··· DATASET CONTENT
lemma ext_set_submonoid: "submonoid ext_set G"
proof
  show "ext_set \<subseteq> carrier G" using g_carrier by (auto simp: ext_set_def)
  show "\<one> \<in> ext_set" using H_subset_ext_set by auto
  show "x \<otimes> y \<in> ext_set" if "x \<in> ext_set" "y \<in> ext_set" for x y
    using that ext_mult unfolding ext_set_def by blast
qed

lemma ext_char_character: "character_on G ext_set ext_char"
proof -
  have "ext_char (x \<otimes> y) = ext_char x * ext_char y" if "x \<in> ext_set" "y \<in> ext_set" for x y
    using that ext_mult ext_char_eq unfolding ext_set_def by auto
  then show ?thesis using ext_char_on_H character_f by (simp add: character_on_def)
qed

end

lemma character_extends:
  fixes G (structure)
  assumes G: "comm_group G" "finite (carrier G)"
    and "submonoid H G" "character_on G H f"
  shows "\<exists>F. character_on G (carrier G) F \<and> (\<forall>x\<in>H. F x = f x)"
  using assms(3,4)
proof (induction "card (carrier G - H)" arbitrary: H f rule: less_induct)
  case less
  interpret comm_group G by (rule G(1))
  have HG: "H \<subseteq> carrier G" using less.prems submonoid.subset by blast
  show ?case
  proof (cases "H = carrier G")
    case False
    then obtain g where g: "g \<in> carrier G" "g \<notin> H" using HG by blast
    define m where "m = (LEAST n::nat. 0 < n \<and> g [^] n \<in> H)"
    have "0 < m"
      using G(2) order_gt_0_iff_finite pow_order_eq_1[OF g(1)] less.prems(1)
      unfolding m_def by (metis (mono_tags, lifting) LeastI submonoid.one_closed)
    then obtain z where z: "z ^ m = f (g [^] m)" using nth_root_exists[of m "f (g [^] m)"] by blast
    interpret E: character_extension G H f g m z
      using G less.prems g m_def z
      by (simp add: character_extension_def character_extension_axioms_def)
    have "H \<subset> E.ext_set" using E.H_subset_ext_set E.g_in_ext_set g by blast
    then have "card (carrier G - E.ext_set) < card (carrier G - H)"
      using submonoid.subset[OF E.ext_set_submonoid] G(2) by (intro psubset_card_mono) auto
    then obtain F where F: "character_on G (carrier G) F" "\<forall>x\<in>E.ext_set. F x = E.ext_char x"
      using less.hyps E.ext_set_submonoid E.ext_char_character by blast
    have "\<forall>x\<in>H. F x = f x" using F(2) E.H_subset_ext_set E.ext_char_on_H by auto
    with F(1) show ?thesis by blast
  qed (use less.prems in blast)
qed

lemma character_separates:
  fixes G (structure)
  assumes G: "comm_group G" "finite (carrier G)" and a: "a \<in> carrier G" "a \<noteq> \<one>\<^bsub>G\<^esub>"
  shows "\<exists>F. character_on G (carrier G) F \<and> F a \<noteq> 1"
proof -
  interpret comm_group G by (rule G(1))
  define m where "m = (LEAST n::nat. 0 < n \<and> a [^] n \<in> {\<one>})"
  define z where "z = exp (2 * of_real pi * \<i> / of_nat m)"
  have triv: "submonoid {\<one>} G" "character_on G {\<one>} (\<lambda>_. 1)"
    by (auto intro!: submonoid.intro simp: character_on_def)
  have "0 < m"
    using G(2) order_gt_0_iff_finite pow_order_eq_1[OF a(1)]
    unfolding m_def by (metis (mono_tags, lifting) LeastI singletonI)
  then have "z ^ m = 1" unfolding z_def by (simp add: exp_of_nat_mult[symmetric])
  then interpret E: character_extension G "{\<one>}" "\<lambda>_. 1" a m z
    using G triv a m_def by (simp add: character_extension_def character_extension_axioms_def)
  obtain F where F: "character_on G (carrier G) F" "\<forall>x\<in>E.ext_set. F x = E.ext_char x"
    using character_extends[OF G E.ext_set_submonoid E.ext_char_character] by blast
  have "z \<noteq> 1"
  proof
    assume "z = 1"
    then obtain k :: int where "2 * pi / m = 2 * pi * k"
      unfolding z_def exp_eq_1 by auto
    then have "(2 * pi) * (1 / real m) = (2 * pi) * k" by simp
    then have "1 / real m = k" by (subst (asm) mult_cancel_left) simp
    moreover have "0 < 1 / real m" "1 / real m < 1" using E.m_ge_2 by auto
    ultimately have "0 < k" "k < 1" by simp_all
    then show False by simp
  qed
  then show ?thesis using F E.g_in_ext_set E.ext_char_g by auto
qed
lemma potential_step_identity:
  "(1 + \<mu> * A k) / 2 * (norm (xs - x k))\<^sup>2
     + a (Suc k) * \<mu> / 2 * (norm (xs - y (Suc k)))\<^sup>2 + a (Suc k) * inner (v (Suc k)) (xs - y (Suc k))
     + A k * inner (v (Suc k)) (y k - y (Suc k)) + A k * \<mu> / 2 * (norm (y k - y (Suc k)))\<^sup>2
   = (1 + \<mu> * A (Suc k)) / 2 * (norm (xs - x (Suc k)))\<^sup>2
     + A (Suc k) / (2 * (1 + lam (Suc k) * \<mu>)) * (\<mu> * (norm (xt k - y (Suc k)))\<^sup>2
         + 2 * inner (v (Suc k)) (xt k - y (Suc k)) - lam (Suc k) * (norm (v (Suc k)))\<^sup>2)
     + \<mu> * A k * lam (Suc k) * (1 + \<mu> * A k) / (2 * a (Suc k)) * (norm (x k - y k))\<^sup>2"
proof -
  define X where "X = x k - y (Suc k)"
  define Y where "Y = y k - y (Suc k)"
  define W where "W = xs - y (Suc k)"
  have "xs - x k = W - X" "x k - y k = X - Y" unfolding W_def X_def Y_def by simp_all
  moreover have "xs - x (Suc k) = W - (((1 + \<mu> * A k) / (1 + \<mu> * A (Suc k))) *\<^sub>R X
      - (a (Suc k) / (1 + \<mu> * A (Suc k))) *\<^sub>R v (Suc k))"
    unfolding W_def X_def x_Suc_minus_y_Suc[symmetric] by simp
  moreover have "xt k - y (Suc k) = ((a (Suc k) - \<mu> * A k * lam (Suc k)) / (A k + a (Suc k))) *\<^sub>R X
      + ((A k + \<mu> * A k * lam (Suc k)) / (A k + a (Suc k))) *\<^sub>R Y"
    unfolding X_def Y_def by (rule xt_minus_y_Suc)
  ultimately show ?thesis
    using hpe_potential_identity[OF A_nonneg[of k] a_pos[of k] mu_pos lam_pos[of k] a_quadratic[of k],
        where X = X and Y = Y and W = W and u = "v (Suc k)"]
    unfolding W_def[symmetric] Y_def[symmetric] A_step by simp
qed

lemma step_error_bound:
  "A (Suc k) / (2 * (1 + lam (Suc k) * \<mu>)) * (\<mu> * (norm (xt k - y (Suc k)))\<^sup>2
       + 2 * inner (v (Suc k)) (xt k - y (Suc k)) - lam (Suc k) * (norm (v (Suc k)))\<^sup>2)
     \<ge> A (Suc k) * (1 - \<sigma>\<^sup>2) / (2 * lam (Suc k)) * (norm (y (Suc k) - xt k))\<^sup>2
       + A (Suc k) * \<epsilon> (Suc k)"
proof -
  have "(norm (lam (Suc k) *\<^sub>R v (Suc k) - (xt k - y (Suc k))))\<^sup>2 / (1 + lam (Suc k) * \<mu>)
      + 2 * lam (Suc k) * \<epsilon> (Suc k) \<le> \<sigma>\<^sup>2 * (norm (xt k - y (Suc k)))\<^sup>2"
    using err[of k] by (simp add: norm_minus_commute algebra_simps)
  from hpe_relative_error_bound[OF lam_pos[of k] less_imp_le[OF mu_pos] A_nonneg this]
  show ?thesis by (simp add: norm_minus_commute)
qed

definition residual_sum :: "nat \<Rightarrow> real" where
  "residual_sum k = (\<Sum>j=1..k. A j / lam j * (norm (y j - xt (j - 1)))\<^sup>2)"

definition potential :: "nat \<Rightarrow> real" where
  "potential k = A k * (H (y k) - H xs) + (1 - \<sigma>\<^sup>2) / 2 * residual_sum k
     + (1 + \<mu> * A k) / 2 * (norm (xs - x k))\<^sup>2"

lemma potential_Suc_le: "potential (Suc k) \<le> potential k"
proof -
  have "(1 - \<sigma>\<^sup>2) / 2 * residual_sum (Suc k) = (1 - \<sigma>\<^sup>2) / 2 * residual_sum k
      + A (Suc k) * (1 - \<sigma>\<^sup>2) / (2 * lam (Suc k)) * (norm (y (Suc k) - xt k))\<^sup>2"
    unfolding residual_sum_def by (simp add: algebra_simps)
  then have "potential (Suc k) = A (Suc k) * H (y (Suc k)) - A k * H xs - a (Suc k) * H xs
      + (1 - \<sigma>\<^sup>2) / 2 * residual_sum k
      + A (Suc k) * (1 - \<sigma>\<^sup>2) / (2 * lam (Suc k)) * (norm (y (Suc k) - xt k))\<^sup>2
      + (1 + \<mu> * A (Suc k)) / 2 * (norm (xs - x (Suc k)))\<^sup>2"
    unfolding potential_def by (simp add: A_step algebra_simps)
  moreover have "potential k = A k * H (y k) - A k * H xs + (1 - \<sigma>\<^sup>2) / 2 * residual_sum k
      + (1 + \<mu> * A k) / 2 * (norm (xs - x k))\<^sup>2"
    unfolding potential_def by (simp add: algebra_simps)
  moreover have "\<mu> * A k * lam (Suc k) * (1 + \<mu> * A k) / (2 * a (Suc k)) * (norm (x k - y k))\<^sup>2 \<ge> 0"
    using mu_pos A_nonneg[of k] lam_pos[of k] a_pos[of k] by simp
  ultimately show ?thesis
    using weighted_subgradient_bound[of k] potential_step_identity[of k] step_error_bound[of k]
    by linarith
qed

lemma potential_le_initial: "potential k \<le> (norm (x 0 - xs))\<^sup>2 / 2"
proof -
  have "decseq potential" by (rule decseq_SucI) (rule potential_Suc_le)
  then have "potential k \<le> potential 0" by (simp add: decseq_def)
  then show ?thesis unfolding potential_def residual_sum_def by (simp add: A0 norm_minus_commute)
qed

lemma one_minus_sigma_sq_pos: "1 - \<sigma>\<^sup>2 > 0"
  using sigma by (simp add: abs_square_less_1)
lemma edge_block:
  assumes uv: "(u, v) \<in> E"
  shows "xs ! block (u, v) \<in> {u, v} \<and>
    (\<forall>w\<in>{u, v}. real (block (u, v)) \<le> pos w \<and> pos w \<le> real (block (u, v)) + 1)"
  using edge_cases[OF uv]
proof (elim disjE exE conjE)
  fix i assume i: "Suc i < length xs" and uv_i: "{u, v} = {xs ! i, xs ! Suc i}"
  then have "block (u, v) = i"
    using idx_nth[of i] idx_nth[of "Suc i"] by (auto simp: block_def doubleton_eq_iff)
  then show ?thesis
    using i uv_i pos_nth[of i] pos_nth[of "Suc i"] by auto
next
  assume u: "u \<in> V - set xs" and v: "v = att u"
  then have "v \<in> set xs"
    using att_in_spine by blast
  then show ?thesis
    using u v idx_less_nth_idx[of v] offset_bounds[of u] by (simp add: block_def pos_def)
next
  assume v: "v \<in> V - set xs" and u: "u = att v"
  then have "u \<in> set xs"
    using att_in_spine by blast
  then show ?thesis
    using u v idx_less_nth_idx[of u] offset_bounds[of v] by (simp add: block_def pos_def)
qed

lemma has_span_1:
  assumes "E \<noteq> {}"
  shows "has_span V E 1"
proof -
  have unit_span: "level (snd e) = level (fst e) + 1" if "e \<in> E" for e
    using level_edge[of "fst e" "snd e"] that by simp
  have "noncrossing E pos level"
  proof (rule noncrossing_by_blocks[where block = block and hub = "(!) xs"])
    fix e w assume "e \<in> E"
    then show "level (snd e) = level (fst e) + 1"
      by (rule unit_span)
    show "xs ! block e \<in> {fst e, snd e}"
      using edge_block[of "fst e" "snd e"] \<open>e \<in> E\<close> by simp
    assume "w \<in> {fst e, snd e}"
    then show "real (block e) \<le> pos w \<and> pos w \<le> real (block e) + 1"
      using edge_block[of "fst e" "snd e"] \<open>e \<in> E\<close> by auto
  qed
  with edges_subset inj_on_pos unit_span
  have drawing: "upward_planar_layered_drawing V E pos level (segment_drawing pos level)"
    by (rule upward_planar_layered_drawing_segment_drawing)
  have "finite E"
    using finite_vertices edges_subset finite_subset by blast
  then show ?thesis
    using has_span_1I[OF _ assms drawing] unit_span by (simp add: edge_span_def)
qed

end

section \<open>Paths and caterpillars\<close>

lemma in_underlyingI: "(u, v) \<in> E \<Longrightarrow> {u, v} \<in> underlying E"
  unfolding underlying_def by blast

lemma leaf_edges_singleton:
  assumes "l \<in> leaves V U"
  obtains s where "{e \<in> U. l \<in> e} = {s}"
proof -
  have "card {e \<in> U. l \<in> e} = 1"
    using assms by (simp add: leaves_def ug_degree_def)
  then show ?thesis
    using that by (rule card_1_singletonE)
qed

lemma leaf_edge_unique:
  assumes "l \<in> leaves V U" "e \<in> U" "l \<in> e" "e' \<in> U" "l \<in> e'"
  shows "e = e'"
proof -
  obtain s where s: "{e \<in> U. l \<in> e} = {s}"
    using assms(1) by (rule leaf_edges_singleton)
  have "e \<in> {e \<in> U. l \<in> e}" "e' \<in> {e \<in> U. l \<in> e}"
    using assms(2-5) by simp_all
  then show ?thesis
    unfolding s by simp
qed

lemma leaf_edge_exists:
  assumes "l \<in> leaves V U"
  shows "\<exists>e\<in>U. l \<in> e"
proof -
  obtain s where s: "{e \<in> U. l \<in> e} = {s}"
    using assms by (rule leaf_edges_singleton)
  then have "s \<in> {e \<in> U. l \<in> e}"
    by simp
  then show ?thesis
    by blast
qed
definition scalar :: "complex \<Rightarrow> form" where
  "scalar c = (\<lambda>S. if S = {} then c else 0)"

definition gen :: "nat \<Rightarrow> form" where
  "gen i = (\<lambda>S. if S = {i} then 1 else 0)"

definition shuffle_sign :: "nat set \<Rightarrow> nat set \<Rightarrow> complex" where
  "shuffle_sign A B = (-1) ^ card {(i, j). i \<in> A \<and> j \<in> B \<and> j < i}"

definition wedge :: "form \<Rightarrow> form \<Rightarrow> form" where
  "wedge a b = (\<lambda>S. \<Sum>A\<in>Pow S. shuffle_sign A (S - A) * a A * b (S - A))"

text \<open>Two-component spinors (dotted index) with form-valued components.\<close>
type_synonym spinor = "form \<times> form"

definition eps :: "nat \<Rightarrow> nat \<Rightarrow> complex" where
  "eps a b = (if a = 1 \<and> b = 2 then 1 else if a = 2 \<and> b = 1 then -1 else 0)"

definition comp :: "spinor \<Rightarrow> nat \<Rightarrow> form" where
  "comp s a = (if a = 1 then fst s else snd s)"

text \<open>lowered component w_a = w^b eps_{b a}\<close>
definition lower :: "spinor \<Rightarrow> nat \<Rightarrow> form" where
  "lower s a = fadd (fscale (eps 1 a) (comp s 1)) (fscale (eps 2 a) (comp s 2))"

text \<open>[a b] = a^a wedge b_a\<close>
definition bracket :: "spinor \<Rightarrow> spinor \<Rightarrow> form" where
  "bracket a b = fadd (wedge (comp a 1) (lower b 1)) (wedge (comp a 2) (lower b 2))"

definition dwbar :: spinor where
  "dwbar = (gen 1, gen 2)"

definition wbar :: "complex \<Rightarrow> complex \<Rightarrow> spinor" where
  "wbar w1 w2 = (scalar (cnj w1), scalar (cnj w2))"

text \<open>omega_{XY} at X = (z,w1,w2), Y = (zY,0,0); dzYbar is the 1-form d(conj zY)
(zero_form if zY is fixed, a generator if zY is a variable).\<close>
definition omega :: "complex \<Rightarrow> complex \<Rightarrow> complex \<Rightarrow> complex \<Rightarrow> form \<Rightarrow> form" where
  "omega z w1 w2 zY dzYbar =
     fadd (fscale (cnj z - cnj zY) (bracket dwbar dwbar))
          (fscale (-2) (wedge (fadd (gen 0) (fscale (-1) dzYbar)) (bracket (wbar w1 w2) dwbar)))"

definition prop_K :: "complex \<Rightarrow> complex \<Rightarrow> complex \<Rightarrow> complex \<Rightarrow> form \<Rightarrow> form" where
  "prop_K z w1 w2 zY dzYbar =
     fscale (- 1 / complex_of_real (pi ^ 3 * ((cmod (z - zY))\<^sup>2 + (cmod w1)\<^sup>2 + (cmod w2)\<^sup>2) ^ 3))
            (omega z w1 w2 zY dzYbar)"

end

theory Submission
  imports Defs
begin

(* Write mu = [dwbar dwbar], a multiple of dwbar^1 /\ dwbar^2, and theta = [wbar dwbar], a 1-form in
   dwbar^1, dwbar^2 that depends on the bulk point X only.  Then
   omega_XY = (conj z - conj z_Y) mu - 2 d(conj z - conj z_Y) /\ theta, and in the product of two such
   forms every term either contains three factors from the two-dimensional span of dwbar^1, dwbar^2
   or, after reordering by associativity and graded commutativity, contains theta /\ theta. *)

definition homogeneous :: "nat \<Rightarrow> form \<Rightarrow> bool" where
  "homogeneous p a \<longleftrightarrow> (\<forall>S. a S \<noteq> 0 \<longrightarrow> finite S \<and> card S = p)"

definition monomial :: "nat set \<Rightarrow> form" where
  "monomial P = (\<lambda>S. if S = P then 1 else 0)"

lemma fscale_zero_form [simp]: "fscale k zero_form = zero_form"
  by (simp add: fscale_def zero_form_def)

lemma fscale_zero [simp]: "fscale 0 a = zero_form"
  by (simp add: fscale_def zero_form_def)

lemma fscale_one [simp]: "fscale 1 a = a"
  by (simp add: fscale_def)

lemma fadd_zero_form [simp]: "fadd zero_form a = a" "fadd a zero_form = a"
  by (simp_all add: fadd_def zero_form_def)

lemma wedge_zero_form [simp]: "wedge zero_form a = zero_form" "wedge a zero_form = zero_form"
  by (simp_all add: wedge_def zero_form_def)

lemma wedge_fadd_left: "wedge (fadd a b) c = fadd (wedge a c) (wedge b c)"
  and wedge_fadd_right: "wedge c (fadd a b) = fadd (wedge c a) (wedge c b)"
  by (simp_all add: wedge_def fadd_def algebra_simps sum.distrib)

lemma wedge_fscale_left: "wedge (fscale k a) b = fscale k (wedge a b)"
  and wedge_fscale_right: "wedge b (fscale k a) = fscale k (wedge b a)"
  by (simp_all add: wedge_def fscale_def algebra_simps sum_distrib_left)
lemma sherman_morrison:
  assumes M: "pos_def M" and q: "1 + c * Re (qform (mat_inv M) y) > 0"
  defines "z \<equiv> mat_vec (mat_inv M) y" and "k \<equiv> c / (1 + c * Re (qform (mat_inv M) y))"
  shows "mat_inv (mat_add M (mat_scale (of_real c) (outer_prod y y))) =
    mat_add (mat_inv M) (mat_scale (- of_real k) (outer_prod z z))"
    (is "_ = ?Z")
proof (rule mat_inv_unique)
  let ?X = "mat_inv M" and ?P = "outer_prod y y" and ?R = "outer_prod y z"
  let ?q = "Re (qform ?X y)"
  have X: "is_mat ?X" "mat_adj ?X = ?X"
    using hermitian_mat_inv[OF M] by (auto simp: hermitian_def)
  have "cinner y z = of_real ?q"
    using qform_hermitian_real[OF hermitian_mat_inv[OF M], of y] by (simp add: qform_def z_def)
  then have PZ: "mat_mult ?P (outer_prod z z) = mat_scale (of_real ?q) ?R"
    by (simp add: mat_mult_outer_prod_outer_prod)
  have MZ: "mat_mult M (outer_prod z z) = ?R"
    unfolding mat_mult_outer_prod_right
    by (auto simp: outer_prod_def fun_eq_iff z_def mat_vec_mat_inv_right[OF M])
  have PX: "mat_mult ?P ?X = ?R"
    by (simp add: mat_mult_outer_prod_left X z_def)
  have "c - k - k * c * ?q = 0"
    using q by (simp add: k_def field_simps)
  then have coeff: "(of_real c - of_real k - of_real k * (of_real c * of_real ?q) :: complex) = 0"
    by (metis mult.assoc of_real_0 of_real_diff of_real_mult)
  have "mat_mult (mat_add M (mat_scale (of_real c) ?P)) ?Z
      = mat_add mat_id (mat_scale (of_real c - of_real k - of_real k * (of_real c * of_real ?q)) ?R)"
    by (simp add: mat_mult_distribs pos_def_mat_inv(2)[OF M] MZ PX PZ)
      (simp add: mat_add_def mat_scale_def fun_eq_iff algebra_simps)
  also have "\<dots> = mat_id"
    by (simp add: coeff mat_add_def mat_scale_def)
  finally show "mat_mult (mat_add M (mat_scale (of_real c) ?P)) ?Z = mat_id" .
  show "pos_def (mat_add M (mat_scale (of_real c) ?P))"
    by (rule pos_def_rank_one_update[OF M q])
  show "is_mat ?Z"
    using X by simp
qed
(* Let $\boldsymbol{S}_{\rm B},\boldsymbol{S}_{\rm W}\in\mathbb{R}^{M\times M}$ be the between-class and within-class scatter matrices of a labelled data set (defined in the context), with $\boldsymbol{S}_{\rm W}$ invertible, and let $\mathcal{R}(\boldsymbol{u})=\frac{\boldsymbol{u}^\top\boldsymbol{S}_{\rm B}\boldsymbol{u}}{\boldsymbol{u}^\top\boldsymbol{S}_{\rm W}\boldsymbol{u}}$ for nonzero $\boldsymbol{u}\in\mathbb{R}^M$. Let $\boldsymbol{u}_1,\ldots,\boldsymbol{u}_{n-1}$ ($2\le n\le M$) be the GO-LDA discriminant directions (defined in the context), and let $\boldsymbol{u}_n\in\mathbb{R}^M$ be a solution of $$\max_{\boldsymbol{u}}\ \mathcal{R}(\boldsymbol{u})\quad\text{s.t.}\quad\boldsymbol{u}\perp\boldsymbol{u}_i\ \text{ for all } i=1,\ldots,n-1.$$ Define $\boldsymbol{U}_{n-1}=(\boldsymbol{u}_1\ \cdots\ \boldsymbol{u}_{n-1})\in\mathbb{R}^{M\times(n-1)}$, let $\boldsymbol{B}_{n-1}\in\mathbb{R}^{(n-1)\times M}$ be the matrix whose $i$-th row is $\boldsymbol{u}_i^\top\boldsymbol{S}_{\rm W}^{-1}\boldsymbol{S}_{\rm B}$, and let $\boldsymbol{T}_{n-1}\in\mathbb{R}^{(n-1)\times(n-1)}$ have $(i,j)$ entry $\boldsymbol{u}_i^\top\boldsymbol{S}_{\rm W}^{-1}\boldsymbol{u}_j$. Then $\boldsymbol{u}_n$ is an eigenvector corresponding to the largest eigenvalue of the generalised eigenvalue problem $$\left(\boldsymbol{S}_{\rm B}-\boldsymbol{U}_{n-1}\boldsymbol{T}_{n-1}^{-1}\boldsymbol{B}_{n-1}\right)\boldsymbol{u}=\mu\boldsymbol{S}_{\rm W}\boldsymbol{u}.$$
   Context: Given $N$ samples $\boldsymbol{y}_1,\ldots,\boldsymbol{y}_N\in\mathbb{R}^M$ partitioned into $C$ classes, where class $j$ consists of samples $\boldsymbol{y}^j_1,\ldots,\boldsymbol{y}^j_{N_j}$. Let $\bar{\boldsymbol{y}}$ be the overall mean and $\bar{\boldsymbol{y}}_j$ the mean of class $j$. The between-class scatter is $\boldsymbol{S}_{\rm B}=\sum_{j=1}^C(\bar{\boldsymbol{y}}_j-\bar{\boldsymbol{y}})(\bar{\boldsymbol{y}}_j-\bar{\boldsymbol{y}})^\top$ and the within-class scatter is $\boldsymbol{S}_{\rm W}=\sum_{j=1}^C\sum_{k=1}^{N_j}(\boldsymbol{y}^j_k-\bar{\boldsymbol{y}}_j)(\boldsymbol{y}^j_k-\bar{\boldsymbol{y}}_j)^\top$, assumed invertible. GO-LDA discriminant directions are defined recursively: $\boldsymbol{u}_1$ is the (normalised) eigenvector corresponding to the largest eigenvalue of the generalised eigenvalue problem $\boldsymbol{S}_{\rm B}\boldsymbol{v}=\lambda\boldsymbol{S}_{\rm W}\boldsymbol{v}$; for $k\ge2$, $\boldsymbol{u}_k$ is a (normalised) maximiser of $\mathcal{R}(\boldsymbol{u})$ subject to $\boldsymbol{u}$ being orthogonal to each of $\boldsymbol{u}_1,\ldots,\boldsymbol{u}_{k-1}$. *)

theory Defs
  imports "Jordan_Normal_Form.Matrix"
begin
······
WHAT YOU HAVE TO DO =
What is needed is an exact repetition of the lines from the first line of the records through the line containing "E.g_in_ext_set g by blast", both ends included, and nothing more.

OUTPUT FOR THIS TASK =
lemma ext_set_submonoid: "submonoid ext_set G"
proof
  show "ext_set \<subseteq> carrier G" using g_carrier by (auto simp: ext_set_def)
  show "\<one> \<in> ext_set" using H_subset_ext_set by auto
  show "x \<otimes> y \<in> ext_set" if "x \<in> ext_set" "y \<in> ext_set" for x y
    using that ext_mult unfolding ext_set_def by blast
qed

lemma ext_char_character: "character_on G ext_set ext_char"
proof -
  have "ext_char (x \<otimes> y) = ext_char x * ext_char y" if "x \<in> ext_set" "y \<in> ext_set" for x y
    using that ext_mult ext_char_eq unfolding ext_set_def by auto
  then show ?thesis using ext_char_on_H character_f by (simp add: character_on_def)
qed

end

lemma character_extends:
  fixes G (structure)
  assumes G: "comm_group G" "finite (carrier G)"
    and "submonoid H G" "character_on G H f"
  shows "\<exists>F. character_on G (carrier G) F \<and> (\<forall>x\<in>H. F x = f x)"
  using assms(3,4)
proof (induction "card (carrier G - H)" arbitrary: H f rule: less_induct)
  case less
  interpret comm_group G by (rule G(1))
  have HG: "H \<subseteq> carrier G" using less.prems submonoid.subset by blast
  show ?case
  proof (cases "H = carrier G")
    case False
    then obtain g where g: "g \<in> carrier G" "g \<notin> H" using HG by blast
    define m where "m = (LEAST n::nat. 0 < n \<and> g [^] n \<in> H)"
    have "0 < m"
      using G(2) order_gt_0_iff_finite pow_order_eq_1[OF g(1)] less.prems(1)
      unfolding m_def by (metis (mono_tags, lifting) LeastI submonoid.one_closed)
    then obtain z where z: "z ^ m = f (g [^] m)" using nth_root_exists[of m "f (g [^] m)"] by blast
    interpret E: character_extension G H f g m z
      using G less.prems g m_def z
      by (simp add: character_extension_def character_extension_axioms_def)
    have "H \<subset> E.ext_set" using E.H_subset_ext_set E.g_in_ext_set g by blast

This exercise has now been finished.